Copy each line of the data below with the word "unsummed".

§ Excerpted records:
^^^^^^^^

(* Let $m,n\ge 2$ and $p,q\ge 0$ be integers, and let $\bm{i}=(i_1,\dots,i_p),\bm{k}=(k_1,\dots,k_p)\in\{1,\dots,m\}^{\times p}$ and $\bm{j}=(j_1,\dots,j_q),\bm{l}=(l_1,\dots,l_q)\in\{1,\dots,n\}^{\times q}$. For each $\sigma\in\mathfrak{S}_{p+q}$, $$\sum_{s_1,\dots,s_q=1}^m\delta_\sigma(\bm{i}\cup\bm{s},\bm{k}\cup\bm{s})=\delta_{\mathrm{pr}_1(\sigma)}(\bm{i},\bm{k})\,m^{\kappa_1(\sigma)},\qquad \sum_{t_1,\dots,t_p=1}^n\delta_\sigma(\bm{t}\cup\bm{j},\bm{t}\cup\bm{l})=\delta_{\mathrm{pr}_2(\sigma)}(\bm{j},\bm{l})\,n^{\kappa_2(\sigma)}.$$
   Context: $\bm{i}\cup\bm{s}$ denotes the concatenated sequence $(i_1,\dots,i_p,s_1,\dots,s_q)$ of length $p+q$, and similarly for $\bm{k}\cup\bm{s}$, $\bm{t}\cup\bm{j}=(t_1,\dots,t_p,j_1,\dots,j_q)$, $\bm{t}\cup\bm{l}$. For $\sigma\in\mathfrak{S}_d$ and sequences $\bm{a},\bm{b}$ of length $d$, $\delta_\sigma(\bm{a},\bm{b})=\prod_{r=1}^d\delta(a_{\sigma(r)},b_r)$ (Kronecker delta). For $\sigma\in\mathfrak{S}_{p+q}$: $\mathrm{pr}_1(\sigma)\in\mathfrak{S}_p$ is obtained by writing $\sigma$ as a product of disjoint cycles and erasing the letters $p+1,\dots,p+q$ from each cycle; $\mathrm{pr}_2(\sigma)\in\mathfrak{S}_q$ is obtained by erasing the letters $1,\dots,p$ from each cycle and relabeling $p+1,\dots,p+q$ as $1,\dots,q$. $\kappa_1(\sigma)$ is the number of cycles of $\sigma$ whose support is contained in $\{p+1,\dots,p+q\}$, and $\kappa_2(\sigma)$ the number of cycles whose support is contained in $\{1,\dots,p\}$. *)

theory Defs
  imports "HOL-Combinatorics.Combinatorics" "HOL-Library.FuncSet"
begin

text \<open>Conventions: letters 1..d of the paper are 0..d-1 here; a permutation
  of S_d is a function sigma with sigma permutes {..<d}.
  Sequences of length d are functions nat => nat, only values at r < d matter.\<close>

definition kdelta :: "nat \<Rightarrow> nat \<Rightarrow> nat" where
  "kdelta a b = (if a = b then 1 else 0)"

definition delta_perm :: "nat \<Rightarrow> (nat \<Rightarrow> nat) \<Rightarrow> (nat \<Rightarrow> nat) \<Rightarrow> (nat \<Rightarrow> nat) \<Rightarrow> nat" where
  "delta_perm d \<sigma> a b = (\<Prod>r<d. kdelta (a (\<sigma> r)) (b r))"

definition concat_seq :: "nat \<Rightarrow> (nat \<Rightarrow> nat) \<Rightarrow> (nat \<Rightarrow> nat) \<Rightarrow> nat \<Rightarrow> nat" where
  "concat_seq p a b = (\<lambda>r. if r < p then a r else b (r - p))"

text \<open>pr_1: erase the letters p+1..p+q (here p..p+q-1) from each cycle of sigma.
  In the cycle notation this sends x to the next letter in its cycle that was
  not erased, i.e. the first iterate sigma^k x (k > 0) lying in {..<p}.\<close>
definition pr1 :: "nat \<Rightarrow> (nat \<Rightarrow> nat) \<Rightarrow> nat \<Rightarrow> nat" where
  "pr1 p \<sigma> x = (if x < p then (\<sigma> ^^ (LEAST k. 0 < k \<and> (\<sigma> ^^ k) x < p)) x else x)"

text \<open>pr_2: erase the letters 1..p (here 0..p-1) from each cycle and relabel
  p+1..p+q (here p..p+q-1) as 1..q (here 0..q-1).\<close>
definition pr2 :: "nat \<Rightarrow> nat \<Rightarrow> (nat \<Rightarrow> nat) \<Rightarrow> nat \<Rightarrow> nat" where
  "pr2 p q \<sigma> y = (if y < q then
      (\<sigma> ^^ (LEAST k. 0 < k \<and> p \<le> (\<sigma> ^^ k) (y + p))) (y + p) - p else y)"

text \<open>The cycles of sigma in S_d (fixed points count as 1-cycles): the orbits.\<close>
definition perm_cycles :: "nat \<Rightarrow> (nat \<Rightarrow> nat) \<Rightarrow> nat set set" where
  "perm_cycles d \<sigma> = {orbit \<sigma> x | x. x < d}"

definition kappa1 :: "nat \<Rightarrow> nat \<Rightarrow> (nat \<Rightarrow> nat) \<Rightarrow> nat" where
  "kappa1 p q \<sigma> = card {C \<in> perm_cycles (p + q) \<sigma>. C \<subseteq> {p..<p+q}}"

definition kappa2 :: "nat \<Rightarrow> nat \<Rightarrow> (nat \<Rightarrow> nat) \<Rightarrow> nat" where
  "kappa2 p q \<sigma> = card {C \<in> perm_cycles (p + q) \<sigma>. C \<subseteq> {..<p}}"

end

theory Submission
  imports Defs
begin

(* Write the summand as the product of the deltas delta(a (sigma r), b r) over all positions r,
   where the summed positions B carry free values, and sum out the free positions one at a time.
   Summing out the value at a letter y either erases y from its cycle, because the two deltas
   through y merge into one, or, if the cycle of y has no unsummed letter left, leaves a free
   factor m.  What remains is the delta of the permutation that sigma induces on the unsummed
   letters, which is pr1 or pr2, times m to the number of cycles lying inside B. *)

definition return_time :: "('a \<Rightarrow> 'a) \<Rightarrow> 'a set \<Rightarrow> 'a \<Rightarrow> nat" where
  "return_time \<sigma> A x = (LEAST k. 0 < k \<and> (\<sigma> ^^ k) x \<in> A)"

text \<open>first_return \<sigma> A is the permutation induced by \<sigma> on A, i.e. \<sigma> with the letters
  outside A erased from its cycles.\<close>
definition first_return :: "('a \<Rightarrow> 'a) \<Rightarrow> 'a set \<Rightarrow> 'a \<Rightarrow> 'a" where
  "first_return \<sigma> A x = (\<sigma> ^^ return_time \<sigma> A x) x"

lemma return_time_least:
  assumes "0 < j" "j < return_time \<sigma> A x"
  shows "(\<sigma> ^^ j) x \<notin> A"
  using assms not_less_Least[of j "\<lambda>k. 0 < k \<and> (\<sigma> ^^ k) x \<in> A"]
  unfolding return_time_def by auto

lemma return_time_eqI:
  assumes "0 < n" "(\<sigma> ^^ n) x \<in> A" "\<And>j. 0 < j \<Longrightarrow> j < n \<Longrightarrow> (\<sigma> ^^ j) x \<notin> A"
  shows "return_time \<sigma> A x = n"
  unfolding return_time_def
  by (rule Least_equality) (use assms in \<open>auto simp: not_less[symmetric]\<close>)

lemma
  assumes "orbit \<sigma> x \<inter> A \<noteq> {}"
  shows return_time_pos: "0 < return_time \<sigma> A x"
    and first_return_in: "first_return \<sigma> A x \<in> A"
proof -
  obtain n where "0 < n" "(\<sigma> ^^ n) x \<in> A"
    using assms by (auto simp: orbit_altdef)
  then have "0 < return_time \<sigma> A x \<and> (\<sigma> ^^ return_time \<sigma> A x) x \<in> A"
    using LeastI[of "\<lambda>k. 0 < k \<and> (\<sigma> ^^ k) x \<in> A" n] unfolding return_time_def by blast
  then show "0 < return_time \<sigma> A x" "first_return \<sigma> A x \<in> A"
    by (auto simp: first_return_def)
qed

lemma first_return_in_orbit:
  assumes "orbit \<sigma> x \<inter> A \<noteq> {}"
  shows "first_return \<sigma> A x \<in> orbit \<sigma> x"
  using return_time_pos[OF assms] unfolding first_return_def orbit_altdef by auto

lemma orbit_inter_nonempty:
  assumes "permutation \<sigma>" "x \<in> A"
  shows "orbit \<sigma> x \<inter> A \<noteq> {}"
  using assms permutation_self_in_orbit[of \<sigma> x] by auto

lemma first_return_via_superset:
  assumes "A \<subseteq> A'" "orbit \<sigma> x \<inter> A \<noteq> {}"
  shows "first_return \<sigma> A x = (if first_return \<sigma> A' x \<in> A then first_return \<sigma> A' x
           else first_return \<sigma> A (first_return \<sigma> A' x))"
proof -
  define t' where "t' = return_time \<sigma> A' x"
  define z where "z = first_return \<sigma> A' x"
  have "orbit \<sigma> x \<inter> A' \<noteq> {}" using assms by blast
  then have t': "0 < t'" "(\<sigma> ^^ t') x = z"
    using return_time_pos[of \<sigma> x A'] unfolding t'_def z_def first_return_def by auto
  have before: "(\<sigma> ^^ j) x \<notin> A" if "0 < j" "j < t'" for j
    using return_time_least[OF that[unfolded t'_def]] assms(1) by blast
  show ?thesis
  proof (cases "z \<in> A")
    case True
    then have "return_time \<sigma> A x = t'" using t' before by (intro return_time_eqI) auto
    then show ?thesis using True t' by (simp add: first_return_def z_def)
  next
    case False
    obtain n where n: "0 < n" "(\<sigma> ^^ n) x \<in> A"
      using assms(2) by (auto simp: orbit_altdef)
    have "\<not> n < t'" using before[of n] n by blast
    moreover have "n \<noteq> t'" using n(2) t'(2) False by auto
    ultimately have "t' < n" by linarith
    moreover have "(\<sigma> ^^ n) x = (\<sigma> ^^ (n - t')) z"
      using \<open>t' < n\<close> t'(2) funpow_add[of "n - t'" t' \<sigma>] by simp
    ultimately have "(\<sigma> ^^ (n - t')) z \<in> A" "0 < n - t'"
      using n by simp_all
    then have z_returns: "orbit \<sigma> z \<inter> A \<noteq> {}" unfolding orbit_altdef by blast
    define t where "t = return_time \<sigma> A z"
    have t: "0 < t" "(\<sigma> ^^ t) z \<in> A"
      using return_time_pos[OF z_returns] first_return_in[OF z_returns]
      unfolding t_def first_return_def by auto
    have "return_time \<sigma> A x = t + t'"
    proof (rule return_time_eqI)
      show "(\<sigma> ^^ (t + t')) x \<in> A" using t t' by (simp add: funpow_add)
      fix j assume "0 < j" "j < t + t'"
      then consider "j < t'" | "j = t'" | "t' < j" "j - t' < t" by linarith
      then show "(\<sigma> ^^ j) x \<notin> A"
      proof cases
        case 3
        then have "(\<sigma> ^^ j) x = (\<sigma> ^^ (j - t')) z"
          using t'(2) funpow_add[of "j - t'" t' \<sigma>] by simp
        then show ?thesis using return_time_least[of "j - t'" \<sigma> A z] 3 by (simp add: t_def)
      qed (use before \<open>0 < j\<close> t' False in auto)
    qed (use t in simp)
    then show ?thesis
      using False t'(2) funpow_add[of t t' \<sigma>] by (simp add: first_return_def z_def t_def)
  qed
qed

lemma first_return_eq_self_iff:
  assumes "permutation \<sigma>" "y \<in> A"
  shows "first_return \<sigma> A y = y \<longleftrightarrow> orbit \<sigma> y \<inter> A = {y}"
proof
  have y_returns: "orbit \<sigma> y \<inter> A \<noteq> {}" using orbit_inter_nonempty[OF assms] .
  assume fixed: "first_return \<sigma> A y = y"
  define t where "t = return_time \<sigma> A y"
  have "0 < t" "(\<sigma> ^^ t) y = y"
    using return_time_pos[OF y_returns] fixed by (simp_all add: t_def first_return_def)
  then have orbit_y: "orbit \<sigma> y = {(\<sigma> ^^ m) y | m. m < t}" by (intro orbit_altdef_bounded)
  have "orbit \<sigma> y \<inter> A \<subseteq> {y}"
  proof
    fix z assume "z \<in> orbit \<sigma> y \<inter> A"
    then obtain m where "m < t" "z = (\<sigma> ^^ m) y" "z \<in> A" unfolding orbit_y by blast
    then show "z \<in> {y}" using return_time_least[of m \<sigma> A y] by (cases "m = 0") (auto simp: t_def)
  qed
  then show "orbit \<sigma> y \<inter> A = {y}"
    using assms permutation_self_in_orbit[of \<sigma> y] by auto
next
  assume "orbit \<sigma> y \<inter> A = {y}"
  then show "first_return \<sigma> A y = y"
    using first_return_in[of \<sigma> y A] first_return_in_orbit[of \<sigma> y A] by auto
qed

^^^^^^^^

§ Solution for this exercise:
   through y merge into one, or, if the cycle of y has no unsummed letter left, leaves a free
   factor m.  What remains is the delta of the permutation that sigma induces on the unsummed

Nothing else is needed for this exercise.